Circuit Court of Appeals, Tenth Circuit.

February 6, 1937.

Attorney(s) appearing for the Case

Guy H. Sigler, of Ardmore, Okl. (P. M. Jackson, of Ardmore, Okl., on the brief), for appellant.

Earl Pruet, Asst. U. S. Atty., of Muskogee, Okl. (Cleon A. Summers, U. S. Atty., of Muskogee, Okl., on the brief), for the United States.

Before LEWIS, PHILLIPS, and BRATTON, Circuit Judges.


Appellant was convicted and sentenced on nine counts of an indictment charging offenses against the United States.

This appeal was taken on June 5, 1936. The bill of exceptions was settled and filed August 5, 1936.

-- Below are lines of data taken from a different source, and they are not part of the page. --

lemma dyadic_tail_sum_le:
  fixes b :: "int \<Rightarrow> ennreal"
  shows "(\<integral>\<^sup>+ k. ennreal (2 powr real_of_int k) *
            (\<integral>\<^sup>+ j. ennreal (2 powr (real_of_int (j - k) / 2)) * b j * indicator {k..} j \<partial>count_space Z)
          \<partial>count_space Z)
         \<le> ennreal (1 / (1 - 2 powr - (1/2))) * (\<integral>\<^sup>+ j. ennreal (2 powr real_of_int j) * b j \<partial>count_space Z)"
proof -
  have weights: "ennreal (2 powr real_of_int k) * ennreal (2 powr (real_of_int (j - k) / 2))
      = ennreal (2 powr real_of_int j) * ennreal (2 powr (- real_of_int (j - k) * (1/2)))" for j k :: int
  proof -
    have "real_of_int k + real_of_int (j - k) / 2 = real_of_int j + (- real_of_int (j - k) * (1/2))"
      by (simp add: field_simps)
    then show ?thesis by (simp add: ennreal_mult[symmetric] powr_add[symmetric] del: ennreal_mult')
  qed
  have "(\<integral>\<^sup>+ k. ennreal (2 powr real_of_int k) *
            (\<integral>\<^sup>+ j. ennreal (2 powr (real_of_int (j - k) / 2)) * b j * indicator {k..} j \<partial>count_space Z)
          \<partial>count_space Z)
      = (\<integral>\<^sup>+ k. \<integral>\<^sup>+ j. ennreal (2 powr real_of_int k) * (ennreal (2 powr (real_of_int (j - k) / 2)) * b j * indicator {k..} j)
          \<partial>count_space Z \<partial>count_space Z)"
    by (simp add: nn_integral_cmult)
  also have "\<dots> = (\<integral>\<^sup>+ j. \<integral>\<^sup>+ k. ennreal (2 powr real_of_int k) * (ennreal (2 powr (real_of_int (j - k) / 2)) * b j * indicator {k..} j)
          \<partial>count_space Z \<partial>count_space Z)"
    by (rule nn_integral_count_space_nn_integral[symmetric]) simp_all
  also have "\<dots> = (\<integral>\<^sup>+ j. ennreal (2 powr real_of_int j) * b j *
        (\<integral>\<^sup>+ k. ennreal (2 powr (- real_of_int (j - k) * (1/2))) * indicator {..j} k \<partial>count_space Z) \<partial>count_space Z)"
  proof (rule nn_integral_cong)
    fix j
    have "ennreal (2 powr real_of_int k) * (ennreal (2 powr (real_of_int (j - k) / 2)) * b j * indicator {k..} j)
        = ennreal (2 powr real_of_int j) * b j * (ennreal (2 powr (- real_of_int (j - k) * (1/2))) * indicator {..j} k)"
      for k
      using weights[of k j] by (simp add: indicator_def mult_ac)
    then show "(\<integral>\<^sup>+ k. ennreal (2 powr real_of_int k) * (ennreal (2 powr (real_of_int (j - k) / 2)) * b j * indicator {k..} j) \<partial>count_space Z)
        = ennreal (2 powr real_of_int j) * b j * (\<integral>\<^sup>+ k. ennreal (2 powr (- real_of_int (j - k) * (1/2))) * indicator {..j} k \<partial>count_space Z)"
      by (simp add: nn_integral_cmult)
  qed
  also have "\<dots> \<le> (\<integral>\<^sup>+ j. ennreal (2 powr real_of_int j) * b j * ennreal (1 / (1 - 2 powr - (1/2))) \<partial>count_space Z)"
    by (intro nn_integral_mono mult_left_mono geometric_sum_below_le) simp_all
  also have "\<dots> = ennreal (1 / (1 - 2 powr - (1/2))) * (\<integral>\<^sup>+ j. ennreal (2 powr real_of_int j) * b j \<partial>count_space Z)"
    by (subst nn_integral_cmult[symmetric]) (auto simp: mult_ac)
  finally show ?thesis .
qed

lemma discrete_hardy:
  fixes a :: "int \<Rightarrow> ennreal"
  assumes p: "p > 0"
  shows "(\<integral>\<^sup>+ k. ennreal (2 powr real_of_int k) * epow (\<integral>\<^sup>+ j. a j * indicator {k..} j \<partial>count_space Z) p \<partial>count_space Z)
        \<le> ennreal (hardy_const p) * (\<integral>\<^sup>+ k. ennreal (2 powr real_of_int k) * epow (a k) p \<partial>count_space Z)"
proof -
  define G where "G = (1 / (1 - 2 powr - (1 / (2 * p)))) powr p"
  define T where "T k = (\<integral>\<^sup>+ j. ennreal (2 powr (real_of_int (j - k) / 2)) * epow (a j) p * indicator {k..} j \<partial>count_space Z)" for k
  have "(\<integral>\<^sup>+ k. ennreal (2 powr real_of_int k) * epow (\<integral>\<^sup>+ j. a j * indicator {k..} j \<partial>count_space Z) p \<partial>count_space Z)
      \<le> (\<integral>\<^sup>+ k. ennreal G * (ennreal (2 powr real_of_int k) * T k) \<partial>count_space Z)"
  proof (rule nn_integral_mono)
    fix k
    have "epow (\<integral>\<^sup>+ j. a j * indicator {k..} j \<partial>count_space Z) p \<le> ennreal G * T k"
      unfolding G_def T_def by (rule epow_tail_sum_le[OF p])
    then show "ennreal (2 powr real_of_int k) * epow (\<integral>\<^sup>+ j. a j * indicator {k..} j \<partial>count_space Z) p
        \<le> ennreal G * (ennreal (2 powr real_of_int k) * T k)"
      by (metis mult.left_commute mult_left_mono zero_le)
  qed
  also have "\<dots> = ennreal G * (\<integral>\<^sup>+ k. ennreal (2 powr real_of_int k) * T k \<partial>count_space Z)"
    by (simp add: nn_integral_cmult)
  also have "\<dots> \<le> ennreal G * (ennreal (1 / (1 - 2 powr - (1/2))) *
      (\<integral>\<^sup>+ k. ennreal (2 powr real_of_int k) * epow (a k) p \<partial>count_space Z))"
    unfolding T_def by (intro mult_left_mono dyadic_tail_sum_le) simp
  also have "\<dots> = ennreal (hardy_const p) * (\<integral>\<^sup>+ k. ennreal (2 powr real_of_int k) * epow (a k) p \<partial>count_space Z)"
  proof -
    have "ennreal (hardy_const p) = ennreal G * ennreal (1 / (1 - 2 powr - (1/2)))"
      unfolding hardy_const_def G_def
      by (rule ennreal_mult) (use two_powr_neg_less_1[of "1/2"] in simp_all)
    then show ?thesis by (simp add: mult.assoc)
  qed
  finally show ?thesis .
qed

definition weight_upto :: "(real \<Rightarrow> real) \<Rightarrow> real \<Rightarrow> ennreal" where
  "weight_upto u y = (\<integral>\<^sup>+ t\<in>{0<..y}. ennreal (u t) \<partial>lborel)"

definition weight_total :: "(real \<Rightarrow> real) \<Rightarrow> ennreal" where
  "weight_total u = (\<integral>\<^sup>+ t\<in>{0<..}. ennreal (u t) \<partial>lborel)"

text \<open>A description of \<open>covering_seq\<close> that does not distinguish the cases
  \<open>\<integral> u = \<infinity>\<close> and \<open>\<integral> u < \<infinity>\<close>: \<open>Z\<close> is a nonempty down-closed set of indices, and
  \<open>x\<^sub>k\<^sub>+\<^sub>1 = \<infinity>\<close> exactly when \<open>k\<close> is the largest one.\<close>

definition dyadic_cover :: "(real \<Rightarrow> real) \<Rightarrow> int set \<Rightarrow> (int \<Rightarrow> ereal) \<Rightarrow> bool" where
  "dyadic_cover u Z xs \<longleftrightarrow> Z \<noteq> {} \<and> (\<forall>k\<in>Z. \<forall>j\<le>k. j \<in> Z) \<and>
     (\<forall>k\<in>Z. \<exists>y>0. xs k = ereal y \<and> weight_upto u y = ennreal (2 powr real_of_int k)) \<and>
     (\<forall>k\<in>Z. k + 1 \<notin> Z \<longrightarrow> xs (k + 1) = \<infinity> \<and> weight_total u < ennreal (2 powr real_of_int (k + 1))) \<and>
     (\<forall>j\<in>Z. \<forall>k\<in>Z. j < k \<longrightarrow> xs (j + 1) \<le> xs k) \<and>
     (\<forall>k\<in>Z. xs k < xs (k + 1))"

lemma covering_seq_imp_dyadic_cover:
  assumes "covering_seq u Z xs"
  shows "dyadic_cover u Z xs"
proof (cases "weight_total u = \<infinity>")
  case True
  then have Z: "Z = UNIV" and mono: "strict_mono xs" and
    pts: "\<forall>k. \<exists>y>0. xs k = ereal y \<and> weight_upto u y = ennreal (2 powr real_of_int k)"
    using assms unfolding covering_seq_def weight_total_def weight_upto_def by auto
  show ?thesis unfolding dyadic_cover_def Z
    using pts by (auto intro: strict_mono_leD[OF mono] strict_monoD[OF mono])
next
  case False
  then obtain M :: int where
    below: "weight_total u < ennreal (2 powr real_of_int (M + 1))" and
    Z: "Z = {..M}" and mono: "strict_mono_on {..M+1} xs" and
    pts: "\<forall>k\<le>M. \<exists>y>0. xs k = ereal y \<and> weight_upto u y = ennreal (2 powr real_of_int k)" and
    last: "xs (M + 1) = \<infinity>"
    using assms unfolding covering_seq_def weight_total_def weight_upto_def by auto
  have "xs (j + 1) \<le> xs k" if "j \<le> M" "k \<le> M" "j < k" for j k
    by (rule strict_mono_on_leD[OF mono]) (use that in auto)
  moreover have "xs k < xs (k + 1)" if "k \<le> M" for k
    by (rule strict_mono_onD[OF mono]) (use that in auto)
  moreover have last_index: "k = M" if "k \<le> M" "\<not> k + 1 \<le> M" for k
    using that by simp
  ultimately show ?thesis unfolding dyadic_cover_def Z
    using pts below last by (auto dest!: last_index)
qed

lemma weight_upto_mono: "a \<le> b \<Longrightarrow> weight_upto u a \<le> weight_upto u b"
  unfolding weight_upto_def by (rule nn_set_integral_set_mono) auto

lemma dyadic_cover_point:
  assumes "dyadic_cover u Z xs" "k \<in> Z"
  obtains y where "y > 0" "xs k = ereal y" "weight_upto u y = ennreal (2 powr real_of_int k)"
  using assms unfolding dyadic_cover_def by auto

lemma dyadic_cover_succ_le:
  assumes "dyadic_cover u Z xs" "j \<in> Z" "k \<in> Z" "j < k"
  shows "xs (j + 1) \<le> xs k"
  using assms unfolding dyadic_cover_def by blast

lemma dyadic_cover_le:
  assumes c: "dyadic_cover u Z xs" and "m \<in> Z" "k \<in> Z" "m \<le> k"
  shows "xs m \<le> xs k"
proof (cases "m = k")
  case False
  then have "xs m < xs (m + 1)" "xs (m + 1) \<le> xs k"
    using assms dyadic_cover_succ_le[OF c] unfolding dyadic_cover_def by auto
  then show ?thesis by simp
qed simp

Rule 9 of the appellate criminal rules (28. U.S.C.A. following section 723a) in part reads:

"The appellant, within thirty (30) days after the taking of the appeal, or within such further time as within said period of thirty days may be fixed by the trial judge, shall procure to be settled, and shall file with the clerk of the court in which the case was tried, a bill of exceptions setting forth the proceedings upon which the appellant wishes to rely."

The thirty-day period, excluding Sundays and legal holidays (see Rule 13, appellate criminal rules [28 U.S.C.A. following section 723a]), expired July 11, 1936.

The bill of exceptions recited an order made within the thirty-day period extending the time to settle and file the bill of exceptions to August 1, 1936.

The clerk has certified up an order made on July 28, 1936, undertaking to extend the time for settling and filing the bill of exceptions to August 5, 1936.

The last order, not having been made within the thirty-day period, was ineffectual. Yep v. U. S. (C.C.A.10) 81 F.2d 637; Slade v. U. S. (C.C.A.10) 85 F.2d 786; Goddard v. U. S. (C.C.A.10) 86 F.2d 884; Fewox v. U. S. (C.C.A.5) 77 F.2d 699; U. S. v. Adamowicz (C.C.A. 2) 82 F.2d 288; Spero v. U. S. (C.C.A. 8) 85 F.2d 134; Wolpa v. U. S. (C.C. A.8) 84 F.2d 829; Cusamano v. U. S. (C.C.A.8) 85 F.2d 132.

The bill of exceptions not having been settled and filed within the time required by the rules must be stricken. See cases cited above.

All of the assignments of error are predicated on the bill of exceptions. The bill not being before us, assignments may not be considered.

The judgment is therefore affirmed. Let the mandate issue immediately.